PUT
PUT copied to clipboard
the qualitative comparison with PUTconv in figure 7
I am very curious why there is such a big gap with the general CNN-based encoder for results. CNN should be able to learn to distinguish the masked region to a certain extent.
Hi @CyrilCsy,
Thanks for your interests in our work. CNN-based encoder indeed can learn a good feature. However, the feature is not suitable for UQ-Transformer (it is good for reconstruction). The reason is that the masked regions (zero pixels) will have a negative impact on other unmasked regions. For PUT, the main artifacts is that a patch is easily to be predicted as black (zero pixels) if: 1) a partially masked patch contain some black pixels; 2) lots of black pixels in unmasked regions. The CNN-based convolution will transfer the black pixels from masked region to unmasked region, which will have a significant negative impact on the inpainted images.

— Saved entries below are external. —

(* Let $T\in V$ be a target variable. If $\zeta_T=n$ (i.e. $T\in\Upsilon_i$ for all $i$) and the family $\{\Upsilon_1\setminus\{T\},\dots,\Upsilon_n\setminus\{T\}\}$ is conservative, then $\bigcup_{i=1}^{n}MB_i(T)=ch(T)\cup sp(T)$.
   Context: Let $G=(V,E)$ be a DAG (causal Bayesian network) over a finite set $V$ of random variables with joint distribution $P$ satisfying the Markov condition with respect to $G$; causal sufficiency is assumed. For $X\in V$, $pa(X)$ and $ch(X)$ are the parents and children of $X$ in $G$, $sp(X)=\big(\bigcup_{Y\in ch(X)}pa(Y)\big)\setminus\{X\}$ is the set of spouses, and $MB(X)=pa(X)\cup ch(X)\cup sp(X)$ is the Markov blanket. There are $n\ge 1$ intervention experiments; in the $i$-th, the set $\Upsilon_i\subseteq V$ is manipulated. The post-intervention DAG is $G_i=(V,E_i)$ with $E_i=\{(a,b)\in E: b\notin\Upsilon_i\}$, with distribution $P_i(V)=\prod_{V_j\notin\Upsilon_i}P(V_j\mid pa(V_j))\prod_{V_j\in\Upsilon_i}P_i(V_j)$, and $D_i$ is a dataset drawn from $P_i$. It is assumed that each $P_i$ is faithful to $G_i$ and that conditional independence tests on $D_i$ are reliable (return exactly the conditional independences of $P_i$). $MB_i(T)$ denotes the Markov blanket of $T$ found in $D_i$, i.e. the set of parents, children and spouses of $T$ in $G_i$. $\zeta_T=|\{i:T\in\Upsilon_i\}|$. A family $\{A_1,\dots,A_n\}$ of subsets of $V$ is called conservative if for every $V_j\in\bigcup_{i=1}^n A_i$ there exists $i$ with $V_j\notin A_i$. *)

theory Defs
  imports Main
begin

definition is_dag :: "'v set \<Rightarrow> ('v \<times> 'v) set \<Rightarrow> bool" where
  "is_dag V E \<longleftrightarrow> finite V \<and> E \<subseteq> V \<times> V \<and> acyclic E"

definition pa :: "('v \<times> 'v) set \<Rightarrow> 'v \<Rightarrow> 'v set" where
  "pa E X = {a. (a, X) \<in> E}"

definition ch :: "('v \<times> 'v) set \<Rightarrow> 'v \<Rightarrow> 'v set" where
  "ch E X = {b. (X, b) \<in> E}"

definition sp :: "('v \<times> 'v) set \<Rightarrow> 'v \<Rightarrow> 'v set" where
  "sp E X = (\<Union>Y\<in>ch E X. pa E Y) - {X}"

definition MB :: "('v \<times> 'v) set \<Rightarrow> 'v \<Rightarrow> 'v set" where
  "MB E X = pa E X \<union> ch E X \<union> sp E X"

definition intervene :: "('v \<times> 'v) set \<Rightarrow> 'v set \<Rightarrow> ('v \<times> 'v) set" where
  "intervene E U = {(a, b) \<in> E. b \<notin> U}"

definition MB_i :: "('v \<times> 'v) set \<Rightarrow> (nat \<Rightarrow> 'v set) \<Rightarrow> nat \<Rightarrow> 'v \<Rightarrow> 'v set" where
  "MB_i E Ups i T = MB (intervene E (Ups i)) T"

definition zeta :: "nat \<Rightarrow> (nat \<Rightarrow> 'v set) \<Rightarrow> 'v \<Rightarrow> nat" where
  "zeta n Ups T = card {i \<in> {1..n}. T \<in> Ups i}"

definition conservative :: "nat \<Rightarrow> (nat \<Rightarrow> 'v set) \<Rightarrow> bool" where
  "conservative n A \<longleftrightarrow> (\<forall>v \<in> (\<Union>i\<in>{1..n}. A i). \<exists>i\<in>{1..n}. v \<notin> A i)"

end

theory Submission
  imports Defs
begin

text \<open>Manipulating T cuts its parents off, so every experiment sees only children and
spouses of T. Conversely a child Y of T (Y differs from T by acyclicity) keeps all its
incoming edges in any experiment leaving Y unmanipulated, and conservativeness provides
such an experiment for Y: so the children and spouses reached through Y are recovered
in some experiment.\<close>

lemma zeta_eq_iff:
  "zeta n Ups T = n \<longleftrightarrow> (\<forall>i\<in>{1..n}. T \<in> Ups i)"
proof -
  have "card {i \<in> {1..n}. T \<in> Ups i} = card {1..n} \<longleftrightarrow> {i \<in> {1..n}. T \<in> Ups i} = {1..n}"
    by (intro iffI card_subset_eq) auto
  then show ?thesis
    unfolding zeta_def by (simp only: card_atLeastAtMost diff_Suc_1) blast
qed

lemma conservative_exists_notin:
  assumes "conservative n (\<lambda>i. Ups i - {T})" and "n \<ge> 1" and "Y \<noteq> T"
  shows "\<exists>i\<in>{1..n}. Y \<notin> Ups i"
proof (cases "\<exists>i\<in>{1..n}. Y \<in> Ups i - {T}")
  case True
  then show ?thesis
    using assms(1) unfolding conservative_def by blast
next
  case False
  moreover have "1 \<in> {1..n}" using assms(2) by simp
  ultimately show ?thesis using assms(3) by blast
qed

lemma is_dag_irrefl: "is_dag V E \<Longrightarrow> (x, x) \<notin> E"
  unfolding is_dag_def acyclic_def by (meson r_into_trancl')

lemma MB_intervene_subset:
  "T \<in> U \<Longrightarrow> MB (intervene E U) T \<subseteq> ch E T \<union> sp E T"
  unfolding MB_def pa_def ch_def sp_def intervene_def by blast

lemma ch_sp_through_unmanipulated_child:
  assumes "Y \<in> ch E T" and "Y \<notin> U"
  shows "insert Y (pa E Y - {T}) \<subseteq> MB (intervene E U) T"
  using assms unfolding MB_def pa_def ch_def sp_def intervene_def by blast

lemma ch_sp_eq_Union_ch_pa:
  assumes "\<And>x. (x, x) \<notin> E"
  shows "ch E T \<union> sp E T = (\<Union>Y\<in>ch E T. insert Y (pa E Y - {T}))"
  using assms unfolding ch_def sp_def pa_def by blast

theorem theorem8:
  fixes V :: "'v set" and E :: "('v \<times> 'v) set" and n :: nat
    and Ups :: "nat \<Rightarrow> 'v set" and T :: 'v
  assumes "is_dag V E"
    and "n \<ge> 1"
    and "\<forall>i\<in>{1..n}. Ups i \<subseteq> V"
    and "T \<in> V"
    and "zeta n Ups T = n"
    and "conservative n (\<lambda>i. Ups i - {T})"
  shows "(\<Union>i\<in>{1..n}. MB_i E Ups i T) = ch E T \<union> sp E T"
proof
  have "\<forall>i\<in>{1..n}. T \<in> Ups i"
    using assms(5) by (simp only: zeta_eq_iff)
  then show "(\<Union>i\<in>{1..n}. MB_i E Ups i T) \<subseteq> ch E T \<union> sp E T"
    unfolding MB_i_def by (intro UN_least MB_intervene_subset) blast
next
  have "insert Y (pa E Y - {T}) \<subseteq> (\<Union>i\<in>{1..n}. MB_i E Ups i T)" if "Y \<in> ch E T" for Y
  proof -
    have "Y \<noteq> T"
      using that is_dag_irrefl[OF assms(1)] unfolding ch_def by blast
    then obtain i where "i \<in> {1..n}" "Y \<notin> Ups i"
      using conservative_exists_notin[OF assms(6,2)] by blast
    then show ?thesis
      unfolding MB_i_def using ch_sp_through_unmanipulated_child[OF that, of "Ups i"] by blast
  qed
  then show "ch E T \<union> sp E T \<subseteq> (\<Union>i\<in>{1..n}. MB_i E Ups i T)"
    unfolding ch_sp_eq_Union_ch_pa[OF is_dag_irrefl[OF assms(1)]] by (rule UN_least)
qed

end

By the way, I also have tried to fix this artifact. The next version of PUT is on the way.
Thanks for answering my confusion. I'm trying to train the model in Places, and I set batchsize=64 and keep epoch unchanged(100) when training pvqvae. But it shows that training takes more than 20 days, I wonder if this is necessary?If I just train it 10 epoch, will it make a big difference in the effect?
Hi @CyrilCsy ,
According to my experience, P-VQVAE can achieve a promising reconstruction capability when the number of epochs are reduced. But you need to pay attention to some settings. For example, the number of iterations for warming up, the number of iterations when some losses are introduced (Discriminator, LPIPS, etc). You'd better set these number of iterations according to ratio of total number of iterations.